__EXERCISE GOAL__
Beginning at the top of the listing, repeat each line exactly until the line with "by (simp add: fun_eq_iff" has been repeated too.

^^^^

(* The Jacobian of x in symmetric form; it is the Hessian of W. *)
lemma pd_xcoef:
  "pd j (\<lambda>l. xcoef l $ i) l = -2 * (\<Sum>m\<in>UNIV. half_angle m l * weight m $ i * weight m $ j)"
  unfolding xcoef_eq_expsum pd_expsum
  using exhaust_3[of i] exhaust_3[of j]
  by (auto simp: x_terms_def inner_axis sum_3 half_angle_def weight_def)

lemma hessian_quadratic_form:
  "v \<bullet> (hessian3 Wfun l *v v) = -2 * (\<Sum>m\<in>UNIV. half_angle m l * (weight m \<bullet> v)\<^sup>2)"
proof -
  define F where "F m i j = -2 * (half_angle m l * (weight m $ i * v $ i) * (weight m $ j * v $ j))"
    for m i j :: 3
  have pd_Wfun: "pd j Wfun = (\<lambda>l. xcoef l $ j)" for j
    by (simp add: fun_eq_iff Wfun_eq_expsum pd_expsum gradient_W_terms inner_axis)
  have "v \<bullet> (hessian3 Wfun l *v v) = (\<Sum>i\<in>UNIV. \<Sum>j\<in>UNIV. \<Sum>m\<in>UNIV. F m i j)"
    by (simp add: inner_vec_def matrix_vector_mult_def hessian3_def pd_Wfun pd_xcoef F_def
        sum_distrib_left sum_distrib_right mult_ac)
  also have "\<dots> = (\<Sum>i\<in>UNIV. \<Sum>m\<in>UNIV. \<Sum>j\<in>UNIV. F m i j)"
    by (rule sum.cong[OF refl], rule sum.swap)
  also have "\<dots> = (\<Sum>m\<in>UNIV. \<Sum>i\<in>UNIV. \<Sum>j\<in>UNIV. F m i j)"
    by (rule sum.swap)
  also have "\<dots> = -2 * (\<Sum>m\<in>UNIV. half_angle m l * (weight m \<bullet> v)\<^sup>2)"
    by (simp add: F_def inner_vec_def power2_eq_square sum_distrib_left sum_product mult_ac)
  finally show ?thesis .
qed

lemma weights_separate:
  assumes "\<And>m. weight m \<bullet> v = 0"
  shows "v = 0"
  using assms[of 1] assms[of 2] assms[of 3]
  by (simp add: vec_eq_iff forall_3 weight_inner)

lemma exp_gt_one_plus: "x \<noteq> 0 \<Longrightarrow> 1 + x < exp (x::real)"
proof (cases "x \<le> -1")
  case False
  assume "x \<noteq> 0"
  have "(1 + x/2) * (1 + x/2) \<le> exp (x/2) * exp (x/2)"
    using False by (intro mult_mono) (simp_all add: exp_ge_add_one_self[of "x/2", simplified])
  also have "\<dots> = exp x"
    by (simp add: exp_add[symmetric])
  finally have "1 + x + x * x / 4 \<le> exp x"
    by (simp add: algebra_simps)
  moreover have "x * x > 0"
    using \<open>x \<noteq> 0\<close> not_real_square_gt_zero by blast
  ultimately show ?thesis by linarith
qed (use exp_gt_zero[of x] in linarith)

lemma exp_above_tangent:
  fixes x m :: real
  assumes "x \<noteq> m"
  shows "exp m * (1 + (x - m)) < exp x"
proof -
  have "exp m * (1 + (x - m)) < exp m * exp (x - m)"
    using assms exp_gt_one_plus[of "x - m"] by simp
  then show ?thesis
    by (simp add: exp_diff)
qed

lemma exp_strictly_convex:
  fixes p q t :: real
  assumes "p \<noteq> q" "0 < t" "t < 1"
  shows "exp ((1 - t) * p + t * q) < (1 - t) * exp p + t * exp q"
proof -
  define m where "m = (1 - t) * p + t * q"
  have "p - m = t * (p - q)" "q - m = (1 - t) * (q - p)"
    by (simp_all add: m_def algebra_simps)
  then have "p \<noteq> m" "q \<noteq> m"
    using assms by auto
  then have "exp m * (1 + (p - m)) < exp p" "exp m * (1 + (q - m)) < exp q"
    by (simp_all add: exp_above_tangent)
  then have "(1 - t) * (exp m * (1 + (p - m))) + t * (exp m * (1 + (q - m))) <
      (1 - t) * exp p + t * exp q"
    using assms by (intro add_strict_mono mult_strict_left_mono) auto
  moreover have "(1 - t) * (exp m * (1 + (p - m))) + t * (exp m * (1 + (q - m))) = exp m"
    by (simp add: m_def algebra_simps)
  ultimately show ?thesis by (simp add: m_def)
qed

lemma sum_exp_linear_strictly_convex:
  fixes w :: "'i \<Rightarrow> 'a::real_inner" and x y :: 'a
  assumes "finite I"
    and separating: "\<And>v. (\<And>m. m \<in> I \<Longrightarrow> w m \<bullet> v = 0) \<Longrightarrow> v = 0"
    and "x \<noteq> y" "0 < t" "t < 1"
  shows "(\<Sum>m\<in>I. exp (w m \<bullet> ((1 - t) *\<^sub>R x + t *\<^sub>R y))) <
    (1 - t) * (\<Sum>m\<in>I. exp (w m \<bullet> x)) + t * (\<Sum>m\<in>I. exp (w m \<bullet> y))"
proof -
  have lin: "w m \<bullet> ((1 - t) *\<^sub>R x + t *\<^sub>R y) = (1 - t) * (w m \<bullet> x) + t * (w m \<bullet> y)" for m
    by (simp add: inner_add_right)
  obtain m0 where "m0 \<in> I" "w m0 \<bullet> x \<noteq> w m0 \<bullet> y"
    using separating[of "x - y"] \<open>x \<noteq> y\<close> by (auto simp: inner_diff_right)
  then have "\<exists>m\<in>I. exp (w m \<bullet> ((1 - t) *\<^sub>R x + t *\<^sub>R y)) <
      (1 - t) * exp (w m \<bullet> x) + t * exp (w m \<bullet> y)"
    using exp_strictly_convex assms lin by metis
  moreover have "exp (w m \<bullet> ((1 - t) *\<^sub>R x + t *\<^sub>R y)) \<le>
      (1 - t) * exp (w m \<bullet> x) + t * exp (w m \<bullet> y)" for m
    using exp_strictly_convex[of "w m \<bullet> x" "w m \<bullet> y" t] assms
    by (cases "w m \<bullet> x = w m \<bullet> y") (simp_all add: lin algebra_simps)
  ultimately have "(\<Sum>m\<in>I. exp (w m \<bullet> ((1 - t) *\<^sub>R x + t *\<^sub>R y))) <
      (\<Sum>m\<in>I. (1 - t) * exp (w m \<bullet> x) + t * exp (w m \<bullet> y))"
    using \<open>finite I\<close> by (intro sum_strict_mono_ex1) auto
  then show ?thesis
    by (simp add: sum.distrib sum_distrib_left)
qed

lemma strictly_concave_Wfun: "strictly_concave_on UNIV Wfun"
  unfolding strictly_concave_on_def
proof (intro conjI ballI allI impI)
  fix x y :: "real^3" and t :: real
  assume "x \<noteq> y \<and> 0 < t \<and> t < 1"
  then have "(\<Sum>m\<in>UNIV. half_angle m ((1 - t) *\<^sub>R x + t *\<^sub>R y)) <
      (1 - t) * (\<Sum>m\<in>UNIV. half_angle m x) + t * (\<Sum>m\<in>UNIV. half_angle m y)"
    unfolding half_angle_def
    by (intro sum_exp_linear_strictly_convex) (auto intro: weights_separate)
  then show "Wfun ((1 - t) *\<^sub>R x + t *\<^sub>R y) > (1 - t) * Wfun x + t * Wfun y"
    by (simp add: Wfun_eq_expsum expsum_W_terms algebra_simps)
qed simp

lemma hessian_Wfun_negative_definite:
  assumes "v \<noteq> 0"
  shows "v \<bullet> (hessian3 Wfun l *v v) < 0"
proof -
  obtain m0 where "weight m0 \<bullet> v \<noteq> 0"
    using weights_separate assms by blast
  then have "0 < (\<Sum>m\<in>UNIV. half_angle m l * (weight m \<bullet> v)\<^sup>2)"
    by (intro sum_pos2[of UNIV m0]) (auto simp: zero_le_mult_iff half_angle_pos[THEN less_imp_le])
  then show ?thesis
    by (simp add: hessian_quadratic_form)
qed

lemma Wfun_has_derivative: "(Wfun has_derivative (\<lambda>h. xcoef l \<bullet> h)) (at l)"
  using expsum_has_derivative[of W_terms l] by (simp add: Wfun_eq_expsum gradient_W_terms)

lemma pd_Wfun: "pd i Wfun l = xcoef l $ i"
  by (simp add: Wfun_eq_expsum pd_expsum gradient_W_terms inner_axis)

theorem lemma2p3:
  shows "(\<forall>i. smooth3 (\<lambda>l. xcoef l $ i))
    \<and> (\<forall>i j l. pd j (\<lambda>l'. xcoef l' $ i) l = pd i (\<lambda>l'. xcoef l' $ j) l)
    \<and> smooth3 Wfun
    \<and> strictly_concave_on UNIV Wfun
    \<and> (\<forall>l v. v \<noteq> 0 \<longrightarrow> v \<bullet> (hessian3 Wfun l *v v) < 0)
    \<and> (\<forall>l. (Wfun has_derivative (\<lambda>h. xcoef l \<bullet> h)) (at l))
    \<and> (\<forall>i l. pd i Wfun l = xcoef l $ i)"
proof -
  have "smooth3 (\<lambda>l. xcoef l $ i)" for i
    by (simp add: xcoef_eq_expsum smooth3_expsum)
  moreover have "pd j (\<lambda>l'. xcoef l' $ i) l = pd i (\<lambda>l'. xcoef l' $ j) l" for i j l
    by (simp add: pd_xcoef mult_ac)
  moreover have "smooth3 Wfun"
    by (simp add: Wfun_eq_expsum smooth3_expsum)
  ultimately show ?thesis
    using strictly_concave_Wfun hessian_Wfun_negative_definite Wfun_has_derivative pd_Wfun
    by blast
qed

end
text \<open>The new arrows are leaves, so a path between old cells never visits them.\<close>
lemma path_T_avoids_new_arrows:
  assumes "is_path T_cells T_edges p" "hd p = Inl a" "last p = Inl b"
  shows "set p \<subseteq> range Inl"
proof
  fix x assume "x \<in> set p"
  show "x \<in> range Inl"
  proof (cases x)
    case (Inr u)
    then obtain xs ys where p: "p = xs @ Inr u # ys" using \<open>x \<in> set p\<close> split_list by metis
    obtain xs' x' where xs: "xs = xs' @ [x']"
      using p assms(2) by (cases xs rule: rev_cases) auto
    obtain y' ys' where ys: "ys = y' # ys'" using p assms(3) by (cases ys) auto
    have "path_edges p
        = path_edges (xs' @ [x']) @ {x', Inr u} # {Inr u, y'} # path_edges (y' # ys')"
      using path_edges_append[of xs' x' "Inr u # y' # ys'"] p xs ys by simp
    moreover have "{x', Inr u} = {Inr u, y'}" if "{x', Inr u} \<in> T_edges" "{Inr u, y'} \<in> T_edges"
      using T_edge_Inr[OF that(1), of u] T_edge_Inr[OF that(2), of u] by simp
    ultimately show ?thesis using assms(1) unfolding is_path_def by auto
  qed simp
qed

lemma path_T_unique:
  assumes "y \<in> set spine" "is_path T_cells T_edges p" "hd p = Inl y" "last p = Inl r"
  shows "p = map Inl (gp y r)"
proof -
  define p0 where "p0 = map projl p"
  have p: "p = map Inl p0"
    unfolding p0_def using path_T_avoids_new_arrows[OF assms(2-4)] by (induction p) auto
  have "e \<in> set (path_edges spine)" if "e \<in> set (path_edges p0)" for e
  proof -
    have "Inl ` e \<in> T_edges"
      using that assms(2) unfolding p is_path_def path_edges_map by auto
    then show ?thesis
    proof (cases rule: T_edge_cases)
      case (spine e')
      then show ?thesis using inj_on_image_Inl[of UNIV] by (metis inj_onD UNIV_I)
    next
      case (new v)
      then show ?thesis by (metis Inl_Inr_False imageE insertCI)
    qed
  qed
  moreover have "distinct (path_edges p0)"
    using assms(2) unfolding p is_path_def path_edges_map by (simp add: distinct_map)
  moreover have "set p0 \<subseteq> V \<union> A"
    using assms(2) spine_subset unfolding p is_path_def T_cells_def by auto
  moreover have "p0 \<noteq> []" using assms(2) unfolding p is_path_def by simp
  ultimately have "is_path (V \<union> A) E p0"
    using spine_edges_subset unfolding is_path_def by blast
  moreover have "hd p0 = y" "last p0 = r"
    using assms(3,4) \<open>p0 \<noteq> []\<close> unfolding p by (simp_all add: hd_map last_map)
  ultimately show ?thesis using gp_unique p by simp
qed

lemma gpath_T_Inl:
  assumes "y \<in> set spine"
  shows "gpath T_cells T_edges (Inl y) (Inl r) = map Inl (gp y r)"
  unfolding gpath_def[of T_cells T_edges]
proof (rule the_equality)
  have y: "y \<in> V \<union> A" using assms spine_subset by blast
  show "is_path T_cells T_edges (map Inl (gp y r)) \<and> hd (map Inl (gp y r)) = Inl y
      \<and> last (map Inl (gp y r)) = Inl r"
    using is_path_T_Inl[OF assms] gp_is_path[OF y root_in_cells]
    unfolding is_path_def by (simp add: hd_map last_map)
qed (use path_T_unique[OF assms] in blast)

lemma path_edges_T_Inr:
  assumes "y \<in> set spine"
  shows "path_edges (Inr y # map Inl (gp y r)) = {Inl y, Inr y} # path_edges (map Inl (gp y r))"
proof -
  have "y \<in> V \<union> A" using assms spine_subset by blast
  then have eq: "map Inl (gp y r) = Inl y # map Inl (tl (gp y r))"
    using gp_Cons_tl[OF _ root_in_cells, of y] by (metis list.simps(9))
  show ?thesis unfolding eq by (simp add: insert_commute)
qed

^^^^

__YOUR RESPONSE__
(* The Jacobian of x in symmetric form; it is the Hessian of W. *)
lemma pd_xcoef:
  "pd j (\<lambda>l. xcoef l $ i) l = -2 * (\<Sum>m\<in>UNIV. half_angle m l * weight m $ i * weight m $ j)"
  unfolding xcoef_eq_expsum pd_expsum
  using exhaust_3[of i] exhaust_3[of j]
  by (auto simp: x_terms_def inner_axis sum_3 half_angle_def weight_def)

lemma hessian_quadratic_form:
  "v \<bullet> (hessian3 Wfun l *v v) = -2 * (\<Sum>m\<in>UNIV. half_angle m l * (weight m \<bullet> v)\<^sup>2)"
proof -
  define F where "F m i j = -2 * (half_angle m l * (weight m $ i * v $ i) * (weight m $ j * v $ j))"
    for m i j :: 3
  have pd_Wfun: "pd j Wfun = (\<lambda>l. xcoef l $ j)" for j
    by (simp add: fun_eq_iff Wfun_eq_expsum pd_expsum gradient_W_terms inner_axis)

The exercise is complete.